Wednesday, September 29, 2010

Shorter Work Hours for Rookie Doctors Approved

Once doctors are dressed up in medical scrubs and lab coats, it means having to rip themselves again for the rest of the day. Those uniforms are usually soiled when the clock strikes the last minute of the shift. They won’t have much time for snacks and naps, let alone find new Cherokee uniforms or even clearance scrubs so they’d have extra medical scrubs and lab coats whenever work gets tough on their uniforms. But the real problem goes beyond having hardly any time for rest and some other things that employees necessitate. It goes all the way down to patient safety and health care workers’ health. And there goes the rules for work hours that rookie doctors should have.

The Accreditation Council for Graduate Medical Education’s board or directors approved on Tuesday, 27th of September 2010, new rules devised for 110,000 new doctors currently being trained in the U.S. hospitals. First year residents will be given 16 hours of work and strategic napping. Those in their second year of residency and beyond will be given 24 hours at most. The new rules are believed to improve patient safety by reducing medical errors committed by the juniors due to exhaustion from extremely long hours of work.
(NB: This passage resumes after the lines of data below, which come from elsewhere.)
lemma visits_party:
  assumes "reachable v" and "visits v b e" and "a \<in> parties N e"
  shows "visits v a e"
proof -
  obtain z where z: "reach N v z" "enables N z e" using visits_enables[OF assms(1,2)] by blast
  have "reachable z" using assms(1) z(1) by (rule reach_trans)
  then have "z a = {e}" using z(2) assms(3) by (rule reachable_enables)
  then show ?thesis using z(1) unfolding visits_def by blast
qed

lemma visits_rtrancl_Image: "visits v a e \<Longrightarrow> e \<in> (graph N)\<^sup>* `` v a"
proof -
  assume "visits v a e"
  then obtain y where "reach N v y" "y a = {e}" unfolding visits_def by blast
  then show ?thesis using reach_subset_rtrancl_Image[of N v y a] by simp
qed

lemma succ_eq_singleton_if_mem:
  assumes "n \<in> atoms N" "a \<in> parties N n" "r \<in> outcomes N n" "e \<in> succ N n a r"
  shows "succ N n a r = {e}"
proof -
  have "n \<noteq> fin N" using succ_wf(2)[OF assms(1-3)] assms(4) by auto
  then obtain n' where "succ N n a r = {n'}" using succ_singleton[OF assms(1-3)] by blast
  then show ?thesis using assms(4) by simp
qed

lemma uncond_enables_graph:
  assumes "f \<in> atoms N" "s \<in> outcomes N f" "e \<in> atoms N" "uncond_enables N f s e"
  shows "(f, e) \<in> graph N"
proof -
  obtain b where "b \<in> parties N e" using parties_nonempty[OF assms(3)] by blast
  then have "b \<in> parties N f" "succ N f b s = {e}"
    using assms(4) unfolding uncond_enables_def by auto
  then show ?thesis using assms(1,2) unfolding graph_def Tset_def by blast
qed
This is also aimed to ensure employees’ health and safety rights are protected.

Other changes in the new rules will also include the following:

Hierarchy spelled to patients. New medical residents must tell patients that they are new and are still being supervised by more experienced physicians. Somehow, this would serve as warning signal for patients, suggesting they must be more vigilant about their health condition and about how the rookie is working with treatment procedures they are receiving.
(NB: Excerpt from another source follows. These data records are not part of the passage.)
lemma lookup_mult_0:
  "Poly_Mapping.lookup ((p::('v \<Rightarrow>\<^sub>0 nat) \<Rightarrow>\<^sub>0 'k::comm_ring_1) * q) 0
     = Poly_Mapping.lookup p 0 * Poly_Mapping.lookup q 0"
proof -
  have "(\<Sum>r. Poly_Mapping.lookup q r when 0 = l + r) = (Poly_Mapping.lookup q 0 when l = 0)"
    for l :: "'v \<Rightarrow>\<^sub>0 nat"
  proof -
    have "(\<lambda>r. Poly_Mapping.lookup q r when 0 = l + r)
        = (\<lambda>r. (Poly_Mapping.lookup q 0 when l = 0) when r = 0)"
      by (auto simp: fun_eq_iff when_def poly_mapping_nat_add_eq_0 dest: sym)
    then show ?thesis by (simp only:) simp
  qed
  then show ?thesis by (simp add: lookup_mult mult_when)
qed

lemma lookup_xmon_0: "c \<noteq> 0 \<Longrightarrow> Poly_Mapping.lookup (xmon c :: ('v,'k::comm_ring_1) mpoly) 0 = 0"
  by (simp add: xmon_def lookup_single)

lemma lookup_cnst_0 [simp]: "Poly_Mapping.lookup (cnst a :: ('v,'k::comm_ring_1) mpoly) 0 = a"
  by (simp add: cnst_def)

lemma lookup_var_0: "Poly_Mapping.lookup (var v :: ('v,'k::comm_ring_1) mpoly) 0 = 0"
  unfolding var_def by (rule lookup_xmon_0) (metis lookup_single_eq lookup_zero one_neq_zero)

lemma lookup_0_max_ideal:
  assumes "p \<in> ideal_gen UNIV (range var)"
  shows "Poly_Mapping.lookup (p :: ('v,'k::comm_ring_1) mpoly) 0 = 0"
proof -
  obtain N c g where "p = (\<Sum>s<(N::nat). c s * g s)" "\<forall>s<N. g s \<in> range var"
    using assms by (auto simp: ideal_gen_def)
  then show ?thesis by (auto simp: lookup_sum lookup_mult_0 lookup_var_0 intro!: sum.neutral)
qed

lemma xmon_in_polyring_iff: "xmon t \<in> polyring V \<longleftrightarrow> Poly_Mapping.keys t \<subseteq> V"
  by (simp add: polyring_def)

lemma cnst_in_polyring: "cnst c \<in> polyring V"
  by (simp add: polyring_def cnst_def)

lemma one_in_polyring: "1 \<in> polyring V"
  using xmon_in_polyring_iff[of 0 V] by (simp add: xmon_zero)

lemma zero_in_polyring: "0 \<in> polyring V"
  by (simp add: polyring_def)

lemma var_in_ideal_gen_var: "v \<in> V \<Longrightarrow> var v \<in> ideal_gen (polyring V) (var ` V)"
  unfolding ideal_gen_def
  by (intro CollectI exI[of _ 1] exI[of _ "\<lambda>_. 1"] exI[of _ "\<lambda>_. var v"]) (auto simp: one_in_polyring)

section \<open>Monomial ideals with a linear resolution\<close>

lemma monomial_ideal_subset: "monomial_ideal R J \<Longrightarrow> J \<subseteq> R"
  by (simp add: monomial_ideal_def is_ideal_def)

lemma keys_xmon_in_monomial_ideal:
  assumes "monomial_ideal (polyring V) J" "xmon e \<in> J"
  shows "Poly_Mapping.keys e \<subseteq> V"
  using assms monomial_ideal_subset by (fastforce simp: xmon_in_polyring_iff)

lemma xmon_dvd_in_monomial_ideal:
  assumes mon: "monomial_ideal (polyring V) J" and t: "xmon t \<in> J"
    and dvd: "mdvd t e" and keys: "Poly_Mapping.keys e \<subseteq> V"
  shows "xmon e \<in> J"
proof -
  have "xmon (e - t) \<in> polyring V"
    using keys keys_diff_subset[of e t] by (simp add: xmon_in_polyring_iff)
  moreover have "is_ideal (polyring V) J"
    using mon by (simp add: monomial_ideal_def)
  ultimately have "xmon (e - t) * xmon t \<in> J"
    using t unfolding is_ideal_def by blast
  then show ?thesis by (simp add: diff_add_mdvd[OF dvd] flip: xmon_add)
qed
Strengthen supervisory requirements. The rules speak of specific type of close supervision the first-year residents should receive from their superiors. Subsequently, tasks to be given must accord one’s demonstrated skills. Superiors must carefully assess the rookie’s skills before he or she is given additional new tasks.
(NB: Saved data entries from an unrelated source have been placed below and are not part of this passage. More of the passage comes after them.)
definition plow2 :: "real set \<Rightarrow> ('x \<Rightarrow> real \<Rightarrow> real) \<Rightarrow> 'x \<Rightarrow> real \<Rightarrow> real" where
  "plow2 W pW x w = (INF w' \<in> {w' \<in> W. w' \<le> w}. pW x w')"

definition pup2 :: "real set \<Rightarrow> ('x \<Rightarrow> real \<Rightarrow> real) \<Rightarrow> 'x \<Rightarrow> real \<Rightarrow> real" where
  "pup2 W pW x w = (SUP w' \<in> {w' \<in> W. w' \<le> w}. pW x w')"

definition L2 :: "real set \<Rightarrow> ('x \<Rightarrow> real \<Rightarrow> real) \<Rightarrow> 'x \<Rightarrow> real" where
  "L2 W pW x = (SUP w \<in> W. (pW x w - plow2 W pW x w) / (1 - plow2 W pW x w))"

definition U2 :: "real set \<Rightarrow> ('x \<Rightarrow> real \<Rightarrow> real) \<Rightarrow> 'x \<Rightarrow> real" where
  "U2 W pW x = (INF w \<in> W. pW x w / pup2 W pW x w)"

definition ident2 :: "real set \<Rightarrow> ((bool \<Rightarrow> 'x \<Rightarrow> real \<Rightarrow> real) \<Rightarrow> bool) \<Rightarrow> ('x \<Rightarrow> real \<Rightarrow> real) \<Rightarrow> 'x \<Rightarrow> real set" where
  "ident2 W C pW x = {ps' x | ps' psw' q'. model2 W ps' psw' q' \<and> C q' \<and>
                        (\<forall>x' w. w \<in> W \<longrightarrow> obs2 psw' q' x' w = pW x' w)}"

end

(*
  In part (1) misreporting depends only on the fibre x~, so a single pair of
  misreporting rates (a, c) governs all of p(x~, .): with no false positives
  p = p* c, hence c >= sup_z p and p* = p / c ranges over [p, p / sup_z p];
  every value is attained by refitting the latent structure on that fibre.
  In part (2) p* does not depend on w, so with no false positives
  p_W = p* c(w) with c increasing, which forces sup_{w' <= w} p_W = p_W, U2 = 1
  and p* in [sup_w p_W, 1].  The cases without false negatives follow by
  relabelling Y* and Y as 1 - Y* and 1 - Y, which swaps the two kinds of
  misreporting and turns the upper bounds U into the lower bounds 1 - U.
*)
theory Submission
  imports Defs
begin

lemma misr_simps [simp]:
  "misr k True c = 1 - k True c" "misr k False c = k False c"
  by (simp_all add: misr_def)

lemma misr2_simps [simp]:
  "misr2 q True x w = 1 - q True x w" "misr2 q False x w = q False x w"
  by (simp_all add: misr2_def)

lemma SUP_const_minus:
  fixes f :: "'a \<Rightarrow> 'b::{conditionally_complete_linorder,ordered_ab_group_add}"
  assumes "bdd_below (f ` A)" "A \<noteq> {}"
  shows "(SUP a\<in>A. c - f a) = c - (INF a\<in>A. f a)"
  using Sup_add_eq[of "\<lambda>a. - f a" A c] uminus_cINF[OF assms]
  by (simp add: bdd_above_uminus_image assms)

lemma model1_iff:
  "model1 ps q qt \<longleftrightarrow>
     (\<forall>x. 0 \<le> ps x \<and> ps x \<le> 1) \<and> (\<forall>y xt. 0 \<le> qt y xt \<and> qt y xt \<le> 1) \<and>
     (\<forall>y xt z. q y (xt, z) = qt y xt) \<and> (\<forall>xt. qt False xt \<le> qt True xt)"
proof -
  have "misr q y (xt, z) = misr qt y xt \<longleftrightarrow> q y (xt, z) = qt y xt" for y xt z
    by (cases y) auto
  then show ?thesis
    unfolding model1_def by (auto simp del: split_paired_All)
qed

lemma obs1_bounds:
  assumes "model1 ps q qt"
  shows "0 \<le> obs1 ps q x" "obs1 ps q x \<le> 1"
proof -
  have "0 \<le> ps x" "ps x \<le> 1" "0 \<le> q y x" "q y x \<le> 1" for y
    using assms unfolding model1_iff by (metis prod.collapse)+
  then show "0 \<le> obs1 ps q x" "obs1 ps q x \<le> 1"
    unfolding obs1_def by (simp_all add: convex_bound_le)
qed

lemma obs1_no_false_positives:
  assumes "model1 ps q qt" "misr qt False xt = 0"
  shows "obs1 ps q (xt, z) = ps (xt, z) * qt True xt"
  using assms by (simp add: obs1_def model1_iff)

lemma pup1_upper:
  fixes p :: "'a \<times> 'z::finite \<Rightarrow> real"
  shows "p (xt, z) \<le> pup1 p xt"
  unfolding pup1_def by (rule cSUP_upper) auto

lemma pup1_least:
  fixes p :: "'a \<times> 'z::finite \<Rightarrow> real"
  assumes "\<And>z. p (xt, z) \<le> c"
  shows "pup1 p xt \<le> c"
  unfolding pup1_def by (rule cSUP_least) (auto simp: assms)

lemma model1_refit_no_false_positives:
  fixes ps :: "'a \<times> 'z \<Rightarrow> real"
  assumes M: "model1 ps q qt" and c: "0 < c" "c \<le> 1"
    and le: "\<And>z'. obs1 ps q (xt, z') \<le> c"
  obtains ps' q' qt' where "model1 ps' q' qt'" "misr qt' False xt = 0"
    "obs1 ps' q' = obs1 ps q" "ps' (xt, z) = obs1 ps q (xt, z) / c"
proof
  define p where "p = obs1 ps q"
  define ps' where "ps' x = (if fst x = xt then p x / c else ps x)" for x
  define qt' where "qt' y = (qt y)(xt := if y then c else 0)" for y
  define q' :: "bool \<Rightarrow> 'a \<times> 'z \<Rightarrow> real" where "q' y x = qt' y (fst x)" for y x
  have "0 \<le> ps' x \<and> ps' x \<le> 1" for x
    using M obs1_bounds[OF M, of x] le[of "snd x"] c
    by (cases x) (auto simp: ps'_def p_def model1_iff divide_le_eq)
  then show "model1 ps' q' qt'"
    using M c by (auto simp: model1_iff q'_def qt'_def)
  show "misr qt' False xt = 0"
    by (simp add: qt'_def)
  show "obs1 ps' q' = obs1 ps q"
    using M c by (auto simp: fun_eq_iff obs1_def ps'_def q'_def qt'_def p_def model1_iff)
  show "ps' (xt, z) = obs1 ps q (xt, z) / c"
    by (simp add: ps'_def p_def)
qed

lemma ident1_no_false_positives:
  fixes ps :: "'a \<times> 'z::finite \<Rightarrow> real"
  assumes M: "model1 ps q qt" and P_pos: "pup1 (obs1 ps q) xt > 0"
  shows "ident1 (\<lambda>qt. misr qt False xt = 0) (obs1 ps q) (xt, z)
           = {obs1 ps q (xt, z) .. U1 (obs1 ps q) (xt, z)}"
proof -
  define p where "p = obs1 ps q"
  define P where "P = pup1 p xt"
  have "P > 0" using P_pos by (simp add: P_def p_def)
  have p01: "0 \<le> p x" "p x \<le> 1" for x using obs1_bounds[OF M] by (simp_all add: p_def)
  have "P \<le> 1" unfolding P_def by (rule pup1_least) (rule p01)
  have U1: "U1 p (xt, z) = p (xt, z) / P" by (simp add: U1_def P_def)
  show ?thesis unfolding p_def[symmetric] U1
  proof (intro equalityI subsetI)
    fix t assume "t \<in> ident1 (\<lambda>qt. misr qt False xt = 0) p (xt, z)"
    then obtain ps' q' qt' where t: "t = ps' (xt, z)" and M': "model1 ps' q' qt'"
      and no_fp: "misr qt' False xt = 0" and obs: "\<forall>x. obs1 ps' q' x = p x"
      unfolding ident1_def by blast
    define c where "c = qt' True xt"
    have c01: "0 \<le> c" "c \<le> 1" and ps'01: "0 \<le> ps' x" "ps' x \<le> 1" for x
      using M' by (simp_all add: model1_iff c_def del: split_paired_All)
    have p_eq: "p (xt, z') = ps' (xt, z') * c" for z'
      using obs1_no_false_positives[OF M' no_fp] obs by (simp add: c_def)
    have "P \<le> c"
      unfolding P_def by (rule pup1_least) (simp add: p_eq c01 ps'01 mult_left_le_one_le)
    have "p (xt, z) \<le> t"
      using ps'01 c01 by (simp add: p_eq t mult_left_le)
    moreover have "t \<le> p (xt, z) / P"
    proof -
      have "t = p (xt, z) / c" using \<open>P \<le> c\<close> \<open>P > 0\<close> by (simp add: p_eq t)
      also have "\<dots> \<le> p (xt, z) / P"
        using \<open>P \<le> c\<close> \<open>P > 0\<close> p01 by (simp add: divide_left_mono)
      finally show ?thesis .
    qed
    ultimately show "t \<in> {p (xt, z) .. p (xt, z) / P}" by simp
  next
    fix t assume t: "t \<in> {p (xt, z) .. p (xt, z) / P}"
    define c where "c = (if p (xt, z) = 0 then 1 else p (xt, z) / t)"
    have c: "P \<le> c \<and> c \<le> 1 \<and> p (xt, z) / c = t"
    proof (cases "p (xt, z) = 0")
      case True
      then show ?thesis using t \<open>P \<le> 1\<close> by (simp add: c_def)
    next
      case False
      then have "t > 0" using t p01[of "(xt, z)"] by auto
      then show ?thesis using t False \<open>P > 0\<close> by (auto simp: c_def field_simps)
    qed
    have le: "p (xt, z') \<le> c" for z'
      using pup1_upper[of p xt z'] c by (simp add: P_def)
    obtain ps' q' qt' where "model1 ps' q' qt'" "misr qt' False xt = 0"
      "obs1 ps' q' = p" "ps' (xt, z) = p (xt, z) / c"
      unfolding p_def by (rule model1_refit_no_false_positives[OF M, of c xt z])
        (use c \<open>P > 0\<close> le in \<open>auto simp: p_def\<close>)
    then show "t \<in> ident1 (\<lambda>qt. misr qt False xt = 0) p (xt, z)"
      unfolding ident1_def using c by auto
  qed
qed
Second-year residents and beyond should be on-call only once in every 3 nights on-call. This rule can be averaged over four weeks or one month, which means can be on call every other night. This makes for a high probability of disrupted sleep that may develop into chronic sleep deprivation.


The newly approved rules provide shorter work shifts and stricter supervision for rookies, but the American Medical Student Association seeks for more, wanting stronger limits not just for first-year residents but for others too.